The Hitachi Group is sustained by highly developed monozukuri capabilities-our accumulated design and manufacturing know-how.
The e-Meister program is a tool for teaching this technical mastery, both in Japan and overseas, that is increasing efficiency of production and assuring high levels of product quality at our production centers.
The techniques carefully cultivated since our founding are the basis of Hitachi's monozukuri-designing, manufacturing, or repairing products-and the technical excellence that underpins the quality of our products.
Today, demographic changes in Japan have created concern that highly skilled technicians and instructors will soon be in short supply, just when a high degree of precision is required and production is shifting overseas.Creating a reliable way to transfer technical know-how has become urgent. At its core, teaching technical skills is about how to efficiently pass on intuitive "feel" and "the tricks of the trade" gained through deep experience.
To meet this need, since 2001, the Hitachi Group has been developing the e-Meister program: using information technologies to accurately record and pass on experienced workers' know-how to the next generation.

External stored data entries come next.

lemma small_root_expansion:
  fixes Aq K m r X s :: real
  assumes r: "r > 0" and mX: "\<bar>m * X\<bar> < r / 2" and AK: "\<bar>Aq * K\<bar> * s < r\<^sup>2 / 4" and X: "X\<^sup>2 \<le> s"
  defines "h \<equiv> small_root Aq (r + m * X) (K * s)"
  shows "Aq * h\<^sup>2 + 2 * (r + m * X) * h + K * s = 0"
    and "\<bar>h + K * s / (2 * r) - K * m / (2 * r\<^sup>2) * X * s\<bar>
           \<le> (4 * \<bar>Aq\<bar> * K\<^sup>2 + \<bar>K\<bar> * m\<^sup>2) / r ^ 3 * s\<^sup>2"
proof -
  have w: "r / 2 \<le> r + m * X" using mX by linarith
  have s: "s \<ge> 0" using X by (meson order_trans zero_le_power2)
  have "Aq * (K * s) \<le> \<bar>Aq * K\<bar> * s"
    using s by (metis abs_ge_self mult.assoc mult_right_mono)
  also have "\<dots> \<le> (r / 2)\<^sup>2"
    using AK by (simp add: power_divide)
  also have "\<dots> \<le> (r + m * X)\<^sup>2" using w r by (intro power_mono) auto
  finally have disc: "Aq * (K * s) \<le> (r + m * X)\<^sup>2" .
  have wpos: "r + m * X > 0" using w r by linarith
  show root: "Aq * h\<^sup>2 + 2 * (r + m * X) * h + K * s = 0"
    using small_root_eq[OF wpos disc] by (simp add: h_def)
  have "\<bar>h\<bar> \<le> \<bar>K * s\<bar> / (r + m * X)"
    using abs_small_root_le[OF wpos disc] by (simp add: h_def)
  also have "\<dots> \<le> \<bar>K * s\<bar> / (r / 2)"
    using w r by (intro divide_left_mono) auto
  also have "\<dots> = 2 * \<bar>K\<bar> * s / r"
    using s by (simp add: abs_mult)
  finally show "\<bar>h + K * s / (2 * r) - K * m / (2 * r\<^sup>2) * X * s\<bar>
           \<le> (4 * \<bar>Aq\<bar> * K\<^sup>2 + \<bar>K\<bar> * m\<^sup>2) / r ^ 3 * s\<^sup>2"
    using quadratic_root_expansion[OF r w X _ root] by simp
qed

lemma eventually_nhds_of_continuous_zero:
  fixes f :: "'a::t2_space \<Rightarrow> real"
  assumes "isCont f x" "f x = 0" "\<epsilon> > 0"
  shows "\<forall>\<^sub>F y in nhds x. f y < \<epsilon>"
proof -
  have "(f \<longlongrightarrow> f x) (nhds x)"
    using assms(1) by (simp add: isCont_def tendsto_at_iff_tendsto_nhds)
  then show ?thesis
    using order_tendstoD(2)[of f "f x" "nhds x" \<epsilon>] assms(2,3) by simp
qed

lemma monge_chart_of_quadric_graph:
  fixes S :: "(real^3) set" and p e1 e2 N :: "real^3" and Aq r m K :: real
  assumes "p \<in> S"
    and frame: "e1 \<bullet> e1 = 1" "e2 \<bullet> e2 = 1" "N \<bullet> N = 1" "e1 \<bullet> e2 = 0" "e1 \<bullet> N = 0" "e2 \<bullet> N = 0"
    and r: "r > 0"
    and graph: "\<And>X Y h. Aq * h\<^sup>2 + 2 * (r + m * X) * h + K * (X\<^sup>2 + Y\<^sup>2) = 0 \<Longrightarrow>
                  p + X *\<^sub>R e1 + Y *\<^sub>R e2 + h *\<^sub>R N \<in> S"
  shows "monge_chart S p e1 e2 N (- K / r) (3 * K * m / r\<^sup>2) (K * m / r\<^sup>2) 0"
proof -
  define s where "s v = (fst v)\<^sup>2 + (snd v)\<^sup>2" for v :: "real \<times> real"
  define h where "h v = small_root Aq (r + m * fst v) (K * s v)" for v
  define M where "M = (4 * \<bar>Aq\<bar> * K\<^sup>2 + \<bar>K\<bar> * m\<^sup>2) / r ^ 3"
  have small: "\<forall>\<^sub>F v in nhds (0, 0). \<bar>m * fst v\<bar> < r / 2 \<and> \<bar>Aq * K\<bar> * s v < r\<^sup>2 / 4"
    using r unfolding s_def
    by (intro eventually_conj eventually_nhds_of_continuous_zero continuous_intros) auto
  have near_root: "Aq * (h v)\<^sup>2 + 2 * (r + m * fst v) * h v + K * s v = 0 \<and>
               \<bar>h v + K * s v / (2 * r) - K * m / (2 * r\<^sup>2) * fst v * s v\<bar> \<le> M * (s v)\<^sup>2"
    if "\<bar>m * fst v\<bar> < r / 2" "\<bar>Aq * K\<bar> * s v < r\<^sup>2 / 4" for v
    using small_root_expansion[OF r that] by (simp add: h_def M_def s_def)
  have "\<forall>\<^sub>F v in nhds (0, 0). p + fst v *\<^sub>R e1 + snd v *\<^sub>R e2 + h v *\<^sub>R N \<in> S"
    using small by eventually_elim (use near_root graph in \<open>auto simp: s_def\<close>)
  moreover have "(\<lambda>(x, y). h (x, y) - (- K / r / 2 * (x\<^sup>2 + y\<^sup>2) + 3 * K * m / r\<^sup>2 / 6 * x ^ 3
                    + K * m / r\<^sup>2 / 2 * x * y\<^sup>2 + 0 / 6 * y ^ 3))
             \<in> O[at (0, 0)](\<lambda>(x, y). (x\<^sup>2 + y\<^sup>2)\<^sup>2)"
  proof (rule bigoI[where c = M])
    have "\<forall>\<^sub>F v in nhds (0, 0).
            \<bar>h v + K * s v / (2 * r) - K * m / (2 * r\<^sup>2) * fst v * s v\<bar> \<le> M * (s v)\<^sup>2"
      using small by eventually_elim (use near_root in blast)
    then show "\<forall>\<^sub>F v in at (0, 0).
        norm ((\<lambda>(x, y). h (x, y) - (- K / r / 2 * (x\<^sup>2 + y\<^sup>2) + 3 * K * m / r\<^sup>2 / 6 * x ^ 3
                    + K * m / r\<^sup>2 / 2 * x * y\<^sup>2 + 0 / 6 * y ^ 3)) v)
          \<le> M * norm ((\<lambda>(x, y). (x\<^sup>2 + y\<^sup>2)\<^sup>2) v)"
      unfolding eventually_at_filter
    proof eventually_elim
      case (elim v)
      obtain x y where v: "v = (x, y)" by fastforce
      have eq: "h (x, y) - (- K / r / 2 * (x\<^sup>2 + y\<^sup>2) + 3 * K * m / r\<^sup>2 / 6 * x ^ 3
                    + K * m / r\<^sup>2 / 2 * x * y\<^sup>2 + 0 / 6 * y ^ 3)
          = h (x, y) + K * s (x, y) / (2 * r) - K * m / (2 * r\<^sup>2) * x * s (x, y)"
        using r by (simp add: s_def power2_eq_square power3_eq_cube field_simps)
      have "\<bar>h (x, y) + K * s (x, y) / (2 * r) - K * m / (2 * r\<^sup>2) * x * s (x, y)\<bar>
              \<le> M * (s (x, y))\<^sup>2"
        using elim by (simp add: v)
      then show ?case
        unfolding v prod.case eq by (simp add: s_def)
    qed
  qed
  moreover have "h (0, 0) = 0" by (simp add: h_def s_def small_root_def)
  ultimately show ?thesis
    unfolding monge_chart_def using \<open>p \<in> S\<close> frame by blast
qed

lemma type_G1I:
  assumes "monge_chart S p e1 e2 N k (3 * t) t 0" "k \<noteq> 0" "t \<noteq> 0"
  shows "type_G1 S p"
proof -
  have "Delta_G (3 * t) t 0 = 48 * t ^ 4"
    by (simp add: Delta_G_def power2_eq_square power4_eq_xxxx algebra_simps)
  then have "k * t * (t - 3 * t) \<noteq> 0 \<and> Delta_G (3 * t) t 0 > 0"
    using assms(2,3) by simp
  then show ?thesis
    unfolding type_G1_def using assms(1) by blast
qed

lemma type_D1I:
  assumes "monge_chart S p e1 e2 N k (3 * t) t 0" "t \<noteq> 0"
  shows "type_D1 S p"
proof -
  have "Delta_P (3 * t) t 0 = 4 * t ^ 4"
    by (simp add: Delta_P_def power2_eq_square power3_eq_cube power4_eq_xxxx algebra_simps)
  then have "t * (t - 3 * t) \<noteq> 0 \<and> Delta_P (3 * t) t 0 > 0"
    using assms(2) by simp
  then show ?thesis
    unfolding type_D1_def using assms(1) by blast
qed

section \<open>Umbilics of the ellipsoid\<close>

lemma ell_grad_nth [simp]:
  "ell_grad a b c v $ 1 = 2 * v$1 / a\<^sup>2"
  "ell_grad a b c v $ 2 = 2 * v$2 / b\<^sup>2"
  "ell_grad a b c v $ 3 = 2 * v$3 / c\<^sup>2"
  by (simp_all add: ell_grad_def)

lemma linear_ell_grad: "linear (ell_grad a b c)"
  by (rule linearI) (simp_all add: vec_eq_iff forall_3 add_divide_distrib algebra_simps)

(left)Screen shot of instructions for brazing copper pipe
(middle)Screen shot showing a finishing technique called kisage
(right)Training new employees in China
e-Meister organizes the introduction of important skills using familiar media-video, still pictures, and sound-that convey information in an easy-to-understand way, not possible from reading a manual or description of procedures.

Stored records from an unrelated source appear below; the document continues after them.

lemma f_pos: "0 < x \<Longrightarrow> 0 < f x"
  unfolding phi_def using phi_numerator_pos[OF a b d c_gt_cminus] by simp

lemma isCont_f: "0 < x \<Longrightarrow> isCont f x" by (simp add: isCont_phi)

lemma isCont_ff: "0 < x \<Longrightarrow> isCont (\<lambda>z. f (f z)) x"
  by (rule isCont_o2[OF isCont_f isCont_f]) (simp_all add: f_pos)

lemma continuous_on_f: "0 < l \<Longrightarrow> continuous_on {l..r} f"
  by (intro continuous_at_imp_continuous_on) (auto intro: isCont_f)

definition f' :: "real \<Rightarrow> real" where
  "f' y = - (b*(y-m)*(y-M)) / y^4"

lemma DERIV_f: "0 < x \<Longrightarrow> DERIV f x :> f' x"
  using DERIV_phi[of x a b c d] unfolding f'_def slope_poly_factor by simp

lemma f_strict_antimono_left:
  assumes "0 < x" "x < y" "y \<le> m"
  shows "f y < f x"
proof (rule DERIV_neg_imp_decreasing_open[OF assms(2)])
  fix z assume z: "x < z" "z < y"
  have "0 < (z-m)*(z-M)" using z assms m_less_M by (intro mult_neg_neg) auto
  then have "f' z < 0" unfolding f'_def using b z assms by (simp add: mult.assoc)
  then show "\<exists>l. DERIV f z :> l \<and> l < 0" using DERIV_f[of z] z assms by auto
qed (use continuous_on_f assms in auto)

lemma f_antimono_left: "0 < x \<Longrightarrow> x \<le> y \<Longrightarrow> y \<le> m \<Longrightarrow> f y \<le> f x"
  using f_strict_antimono_left by (cases "x = y") (auto simp: less_imp_le)

lemma f_mono_mid:
  assumes "m \<le> x" "x \<le> y" "y \<le> M"
  shows "f x \<le> f y"
proof (rule DERIV_nonneg_imp_increasing_open[OF assms(2)])
  fix z assume z: "x < z" "z < y"
  have "(z-m)*(z-M) \<le> 0" using z assms by (intro mult_nonneg_nonpos) auto
  then have "b*((z-m)*(z-M)) \<le> 0" using b by (simp add: mult_nonneg_nonpos)
  then have "0 \<le> f' z" unfolding f'_def by (simp add: mult.assoc divide_nonpos_nonneg)
  then show "\<exists>l. DERIV f z :> l \<and> 0 \<le> l" using DERIV_f[of z] z assms m_pos by auto
qed (use continuous_on_f assms m_pos in auto)

lemma f_antimono_right:
  assumes "M \<le> x" "x \<le> y"
  shows "f y \<le> f x"
proof (rule DERIV_nonpos_imp_decreasing_open[OF assms(2)])
  fix z assume z: "x < z" "z < y"
  have "0 \<le> (z-m)*(z-M)" using z assms m_less_M by (intro mult_nonneg_nonneg) auto
  then have "f' z \<le> 0" unfolding f'_def using b by (simp add: mult.assoc)
  then show "\<exists>l. DERIV f z :> l \<and> l \<le> 0" using DERIV_f[of z] z assms M_pos by auto
qed (use continuous_on_f assms M_pos in auto)

lemma f_m_pos: "0 < f m" using f_pos m_pos by simp

lemma f_m_less_tbar: "f m < tbar"
  using f_strict_antimono_left[OF tbar_pos tbar_less_m] tbar_fix by simp

lemma f_gt_tbar: "0 < x \<Longrightarrow> x < tbar \<Longrightarrow> tbar < f x"
  using f_strict_antimono_left[of x tbar] tbar_less_m tbar_fix by simp

lemma tbar_less_ff_m: "tbar < f (f m)"
  using f_gt_tbar f_m_pos f_m_less_tbar by simp

lemma f_m_le_f: "0 < x \<Longrightarrow> x \<le> M \<Longrightarrow> f m \<le> f x"
  using f_antimono_left[of x m] f_mono_mid[of m x] m_pos by (cases "x \<le> m") auto

lemma f_less_self:
  assumes "tbar < x"
  shows "f x < x"
proof (rule less_self_beyond_fixpoints[of tbar])
  fix z assume "tbar < z"
  with tbar_pos have "0 < z" by linarith
  then show "isCont f z" by (rule isCont_f)
  show "f z \<noteq> z" using fixpoint_eq_tbar[OF \<open>0 < z\<close>] \<open>tbar < z\<close> by auto
qed (use assms eventually_less_self_if_tendsto[OF phi_tendsto_at_top] in auto)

For example, brazing metal is divided into units: "Preparing the Tools," "Operating Instructions," "Work Procedures," "Job Know-How," and "Checking Your Work." After trainees select a topic, they see a video showing a skilled operator adjusting a welding-torch flame, the angle of the flame to the materials, etc. Many examples of common mistakes and acceptable results are shown, enabling a deep, practical understanding of the techniques.
By using e-Meister, differences in educational levels are evened out, training time is reduced, and exercise review and repetition is possible. Where e-Meister has been introduced, these benefits are increasing production efficiency and product quality.
English- and Chinese-language versions of e-Meister have been produced or overseas affiliates, not only in North America and China, but in Europe and the rest of Asia.
For example, in China's rapidly growing economy, more than 10 Hitachi Group companies use e-Meister. Because they are constantly hiring new employees, fast acquisition of skills is essential to ensure product quality and to meet deadlines. At the production centers where e-Meister is used, response has been positive: "Skills acquisition is easier, and employee morale has risen."
One important task is to expand the e-Meister program, especially toparts of Asia where other languages are spoken.
We are eager to introduce this program to organizations outside our company, such as government ministries and agencies, the Japan Management Association, the Japan Institute of Industrial Engineering, and other manufacturing groups, to contribute more broadly to disseminating Japanese manufacturing skills, as well as developing our own human resources.